Unfortunately, a poor variety in demographics of the interviewees limits the transferability of this study. As transferability indicates the degree to which the findings can be converted to other contexts or other research subjects (Korstjens and Moser, 2018: 120). The inconvenience of snowball sampling is that of the ten interviewees only one female refugee participated in the study. Literature suggests otherwise: slightly less than half of all refugees are female (Farhat and others, 2018: 1). Furthermore, eight of my participants were from a Syrian city and two from rural areas. Research illustrates that just a little more than 50% of Syrian refugees are from cities (Farhat and others, 2018: 4). What was even more interesting is that the female respondent was able to express her emotions in a more detailed manner.
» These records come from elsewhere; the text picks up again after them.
(* Let $\psi_n$ be the division polynomials of the Legendre curve defined below. For every $\varepsilon>0$ there exists a constant $c(\varepsilon)$ such that for all $n\ge 1$, $h(\psi_n)\le c(\varepsilon)\, n^{2+\varepsilon}$; that is, $h(\psi_n)\le n^{2+o(1)}$.
   Context: Let $\lambda, X, Y$ be independent variables (associated with the Legendre curve $E_\lambda: Y^2=X(X-1)(X-\lambda)$). Define $\psi_n \in \mathbb{Z}[\lambda,X,Y]$ by $\psi_0=0$, $\psi_1=1$, $\psi_2=2Y$, $\psi_3 = 3X^4-4(1+\lambda)X^3+6\lambda X^2-\lambda^2$, $\psi_4 = 2Y\big(2X^6-4(1+\lambda)X^5+10\lambda X^4-10\lambda^2X^2+4\lambda^2(1+\lambda)X-2\lambda^3\big)$, and recursively $$\psi_{2k+1}=\psi_{k+2}\psi_k^3-\psi_{k-1}\psi_{k+1}^3,\qquad \psi_{2k}=\frac{1}{2Y}\psi_k\big(\psi_{k+2}\psi_{k-1}^2-\psi_{k-2}\psi_{k+1}^2\big).$$ For a polynomial $G$ with integer coefficients, its height $h(G)$ is the logarithm of the maximum of the absolute values of its coefficients. *)

theory Defs
  imports Complex_Main "HOL-Computational_Algebra.Polynomial"
begin

text \<open>Elements of Z[lambda,X,Y] are represented as nested univariate polynomials:
  polynomials in Y whose coefficients are polynomials in X whose coefficients
  are polynomials in lambda with integer coefficients.\<close>

type_synonym zpoly3 = "int poly poly poly"

definition varY :: zpoly3 where "varY = [:0, 1:]"
definition varX :: zpoly3 where "varX = [:[:0, 1:]:]"
definition varL :: zpoly3 where "varL = [:[:[:0, 1:]:]:]"

definition psi3 :: zpoly3 where
  "psi3 = 3 * varX ^ 4 - 4 * (1 + varL) * varX ^ 3 + 6 * varL * varX ^ 2 - varL ^ 2"

definition psi4 :: zpoly3 where
  "psi4 = 2 * varY * (2 * varX ^ 6 - 4 * (1 + varL) * varX ^ 5 + 10 * varL * varX ^ 4
          - 10 * varL ^ 2 * varX ^ 2 + 4 * varL ^ 2 * (1 + varL) * varX - 2 * varL ^ 3)"

function divpsi :: "nat \<Rightarrow> zpoly3" where
  "divpsi n =
    (if n = 0 then 0
     else if n = 1 then 1
     else if n = 2 then 2 * varY
     else if n = 3 then psi3
     else if n = 4 then psi4
     else if odd n then
       divpsi (n div 2 + 2) * divpsi (n div 2) ^ 3
         - divpsi (n div 2 - 1) * divpsi (n div 2 + 1) ^ 3
     else
       (divpsi (n div 2) * (divpsi (n div 2 + 2) * divpsi (n div 2 - 1) ^ 2
          - divpsi (n div 2 - 2) * divpsi (n div 2 + 1) ^ 2)) div (2 * varY))"
  by auto
termination
  by (relation "measure id") auto

definition height3 :: "zpoly3 \<Rightarrow> real" where
  "height3 p = ln (real_of_int (Max {\<bar>coeff (coeff (coeff p i) j) k\<bar> | i j k. True}))"

end

theory Submission
  imports Defs
begin

text \<open>
  Let \<open>\<parallel>p\<parallel>\<close> be the sum of the absolute values of all integer coefficients of \<open>p\<close>. It is
  subadditive and submultiplicative, and dividing by \<open>2Y\<close> cannot increase it. The recursion
  computes \<open>\<psi>\<^sub>n\<close> from \<open>\<psi>\<^sub>j\<close> with \<open>j \<le> n/2 + 2\<close> using two products of four factors, so
  \<open>\<parallel>\<psi>\<^sub>n\<parallel> \<le> 2 E\<^sup>4\<close> when \<open>E\<close> bounds these \<open>\<parallel>\<psi>\<^sub>j\<parallel>\<close>. Since halving the index and
  raising to the fourth power balance out as \<open>(n/2)\<^sup>2 \<cdot> 4 = n\<^sup>2\<close>, induction gives
  \<open>\<parallel>\<psi>\<^sub>n\<parallel> \<le> C\<^bsup>O(n\<^sup>2)\<^esup>\<close>, i.e. \<open>h(\<psi>\<^sub>n) = O(n\<^sup>2)\<close>.
\<close>

locale submult_norm =
  fixes N :: "'a::idom_divide \<Rightarrow> int"
  assumes norm_zero [simp]: "N 0 = 0"
    and norm_nonneg: "0 \<le> N a"
    and norm_add: "N (a + b) \<le> N a + N b"
    and norm_mult: "N (a * b) \<le> N a * N b"
    and norm_uminus [simp]: "N (- a) = N a"
    and norm_div_two: "N (a div 2) \<le> N a"
begin

lemma norm_diff: "N (a - b) \<le> N a + N b"
  using norm_add[of a "- b"] by simp
lemma word_power_mono: "S \<subseteq> T \<Longrightarrow> word_power S n \<subseteq> word_power T n"
  unfolding word_power_def by blast

lemma strongly_distortedI:
  fixes G A :: "('a \<Rightarrow> 'a) set" and m :: nat and w :: "nat \<Rightarrow> nat"
  assumes G: "infinite G"
    and words: "\<And>a :: nat \<Rightarrow> 'a \<Rightarrow> 'a. (\<forall>k. a k \<in> A) \<Longrightarrow>
      \<exists>T\<subseteq>G. finite T \<and> card T \<le> m \<and> (\<forall>k. a k \<in> word_power T (w k))"
  shows "strongly_distorted G A"
  unfolding strongly_distorted_def
proof (intro exI[of _ m] exI[of _ w] allI impI)
  fix a :: "nat \<Rightarrow> 'a \<Rightarrow> 'a"
  assume "\<forall>k. a k \<in> A"
  then obtain T where T: "T \<subseteq> G" "finite T" "card T \<le> m" "\<forall>k. a k \<in> word_power T (w k)"
    by (blast dest: words)
  obtain S where S: "T \<subseteq> S" "S \<subseteq> G" "finite S" "card S = m"
    using exists_card_superset[OF G T(2) T(1) T(3)] by blast
  have "\<forall>k. a k \<in> word_power S (w k)"
    using T(4) word_power_mono[OF S(1)] by blast
  then show "\<exists>S\<subseteq>G. finite S \<and> card S = m \<and> (\<forall>k. a k \<in> word_power S (w k))"
    using S by blast
qed

lemma norm_less_norm_gap_squaring:
  assumes "0 < norm w" "norm w < 1"
  shows "norm w < norm (gap_squaring w)"
proof -
  have "norm w * 1 < norm w * (2 - norm w)"
    using assms by (intro mult_strict_left_mono) auto
  then show ?thesis
    using assms by (simp add: norm_gap_squaring gap_squaring_factor_def)
qed

lemma infinite_ball_homeos: "infinite (ball_homeos :: ('a::euclidean_space \<Rightarrow> 'a) set)"
proof -
  obtain e :: 'a where "e \<in> Basis"
    using nonempty_Basis by blast
  define z where "z = (1/2) *\<^sub>R e"
  have norm_z: "norm z = 1/2"
    using \<open>e \<in> Basis\<close> by (simp add: z_def)
  have less_1: "norm ((gap_squaring ^^ k) z) < 1" for k
    using norm_z by (intro ball_homeos_norm_less[OF ball_homeos_funpow[OF gap_squaring_in_ball_homeos]]) simp
  have ge: "1/2 \<le> norm ((gap_squaring ^^ k) z)" for k
  proof (induction k)
    case (Suc k)
    then have "0 < norm ((gap_squaring ^^ k) z)"
      by linarith
    then show ?case
      using norm_less_norm_gap_squaring[OF _ less_1[of k]] Suc by simp
  qed (simp add: norm_z)
  have mono: "strict_mono (\<lambda>k. norm ((gap_squaring ^^ k) z))"
  proof (rule strict_monoI_Suc)
    fix k
    have "0 < norm ((gap_squaring ^^ k) z)"
      using ge[of k] by linarith
    then show "norm ((gap_squaring ^^ k) z) < norm ((gap_squaring ^^ Suc k) z)"
      using norm_less_norm_gap_squaring[OF _ less_1[of k]] by simp
  qed
  have "inj (\<lambda>k. (gap_squaring :: 'a \<Rightarrow> 'a) ^^ k)"
  proof (rule injI)
    fix i j assume "(gap_squaring :: 'a \<Rightarrow> 'a) ^^ i = gap_squaring ^^ j"
    then have "norm ((gap_squaring ^^ i) z) = norm ((gap_squaring ^^ j) z)"
      by simp
    then show "i = j"
      using strict_mono_eq[OF mono] by blast
  qed
  then have "infinite (range (\<lambda>k. (gap_squaring :: 'a \<Rightarrow> 'a) ^^ k))"
    by (rule range_inj_infinite)
  moreover have "range (\<lambda>k. (gap_squaring :: 'a \<Rightarrow> 'a) ^^ k) \<subseteq> ball_homeos"
    using ball_homeos_funpow[OF gap_squaring_in_ball_homeos] by auto
  ultimately show ?thesis
    using infinite_super by blast
qed

lemma ball_chart_if_standard_open_ball:
  fixes B :: "'m::{t2_space, second_countable_topology} set"
  assumes "topological_manifold TYPE('m) TYPE('n::finite)" and "standard_open_ball TYPE('n) B"
  obtains \<phi> :: "'m \<Rightarrow> real^'n" and \<psi> where "ball_chart B \<phi> \<psi>"
proof -
  have B: "open B" "closure B homeomorphic (cball (0::real^'n) 1)"
      "frontier B homeomorphic (sphere (0::real^'n) 1)"
    using assms(2) unfolding standard_open_ball_def by auto
  then obtain \<phi> :: "'m \<Rightarrow> real^'n" and \<psi> where \<phi>: "homeomorphism (closure B) (cball 0 1) \<phi> \<psi>"
    by (auto simp: homeomorphic_def)
  show thesis
    using standard_ball_chart_image[OF assms(1) B(1) \<phi> B(3)] B(1) \<phi>
    by (intro that) (unfold_locales)
qed

context ball_chart
begin

lemma infinite_Homeo0: "infinite (Homeo0 :: ('m \<Rightarrow> 'm) set)"
proof
  assume "finite (Homeo0 :: ('m \<Rightarrow> 'm) set)"
  moreover have "transplant ` ball_homeos \<subseteq> Homeo0"
    using transplant_in_Homeo0 by blast
  ultimately have "finite (transplant ` ball_homeos)"
    by (rule finite_subset[rotated])
  then have "finite (ball_homeos :: ('a \<Rightarrow> 'a) set)"
    using transplant_inj_on by (rule finite_imageD)
  then show False
    using infinite_ball_homeos by blast
qed

lemma supported_Homeo0_sequence_words:
  assumes a: "\<And>k. a k \<in> Homeo0" "\<And>k. support (a k) \<subseteq> B"
  shows "\<exists>T\<subseteq>Homeo0. finite T \<and> card T \<le> 10 \<and> (\<forall>k. a k \<in> word_power T (6 * k + 6))"
proof -
  have "\<forall>k. \<exists>g r. g \<in> ball_homeos \<and> r < 1 \<and> (\<forall>z. r < norm z \<longrightarrow> g z = z) \<and> transplant g = a k"
    using supported_Homeo0_eq_transplant[OF a] by blast
  then obtain g r where g: "\<And>k. g k \<in> ball_homeos" "\<And>k. r k < 1"
      "\<And>k z. r k < norm z \<Longrightarrow> g k z = z" "\<And>k. transplant (g k) = a k"
    by metis
  obtain P Q V W H where PQVWH: "{P, Q, V, W, H} \<subseteq> ball_homeos"
    and g_eq: "\<And>k. g k = foldr (\<circ>) (distortion_word P Q V W H k) id"
    using ball_homeos_sequence_eq_words[of g r] g(1-3) by blast
  define gens where "gens = [P, inv P, Q, inv Q, V, inv V, W, inv W, H, inv H]"
  define T where "T = transplant ` set gens"
  have gens: "set gens \<subseteq> ball_homeos"
    using PQVWH ball_homeos_inv by (auto simp: gens_def)
  have "a k \<in> word_power T (6 * k + 6)" for k
  proof -
    have word: "set (distortion_word P Q V W H k) \<subseteq> set gens"
      using set_distortion_word by (simp add: gens_def)
    have "a k = transplant (foldr (\<circ>) (distortion_word P Q V W H k) id)"
      using g(4)[of k] unfolding g_eq[of k] by (rule sym)
    also have "\<dots> = foldr (\<circ>) (map transplant (distortion_word P Q V W H k)) id"
      using word gens
      by (intro foldr_comp_map[OF transplant_id transplant_comp ball_homeos_id ball_homeos_comp]) auto
    finally have "a k = foldr (\<circ>) (map transplant (distortion_word P Q V W H k)) id" .
    moreover have "set (map transplant (distortion_word P Q V W H k)) \<subseteq> T"
      using word by (auto simp: T_def)
    moreover have "length (map transplant (distortion_word P Q V W H k)) = 6 * k + 6"
      by (simp add: length_distortion_word)
    ultimately show ?thesis
      unfolding word_power_def by blast
  qed
  moreover have "card T \<le> 10"
    unfolding T_def using card_image_le[of "set gens" transplant] card_length[of gens]
    by (simp add: gens_def)
  moreover have "T \<subseteq> Homeo0"
    using gens transplant_in_Homeo0 unfolding T_def by blast
  ultimately show ?thesis
    unfolding T_def by blast
qed

end

theorem lemma4p3:
  fixes B :: "'m::{t2_space, second_countable_topology} set"
  assumes "topological_manifold TYPE('m) TYPE('n::finite)"
    and "standard_open_ball TYPE('n) B"
  shows "strongly_distorted (Homeo0 :: ('m \<Rightarrow> 'm) set) {f \<in> Homeo0. support f \<subseteq> B}"
proof -
  obtain \<phi> :: "'m \<Rightarrow> real^'n" and \<psi> where "ball_chart B \<phi> \<psi>"
    using ball_chart_if_standard_open_ball[OF assms] by blast
  then interpret ball_chart B \<phi> \<psi> .
  show ?thesis
    using infinite_Homeo0 supported_Homeo0_sequence_words
    by (intro strongly_distortedI[where m = 10 and w = "\<lambda>k. 6 * k + 6"]) auto
qed

end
This could indicate how gender expressions and performance are constructed and how wellbeing is also gendered, but since the variety in gender is very poor conclusions cannot be made. However, it gives a glimpse of the complexities of how to theorize on and what methodology to use for the politics of emotions, feelings and sensing (Zalewski, 2015: 43). Another issue is that, while the findings are from refugees that fled Syria between 1999 and 2017, there is no data on the wellbeing of refugees fleeing between 2017 and 2020 towards the Netherlands. To a certain extent, this distorts the results on how the EU border regime affects the wellbeing of refugees in transit to the Netherlands because in the last couple of years the external EU borders fortified even more with policies and procedures that are harsher on refugees seeking for protection. Nonetheless, biased knowledge is preferred above a lack of knowledge of vulnerable minorities as long as the researcher is aware of the bias and mentions it. To quote Sydor (2013: 36):

“In the end, to address the needs of those individuals and groups who are oppressed or marginalized, social justice researchers have a responsibility to consider using strategies such as snowball sampling because perhaps “biased information is better than none.”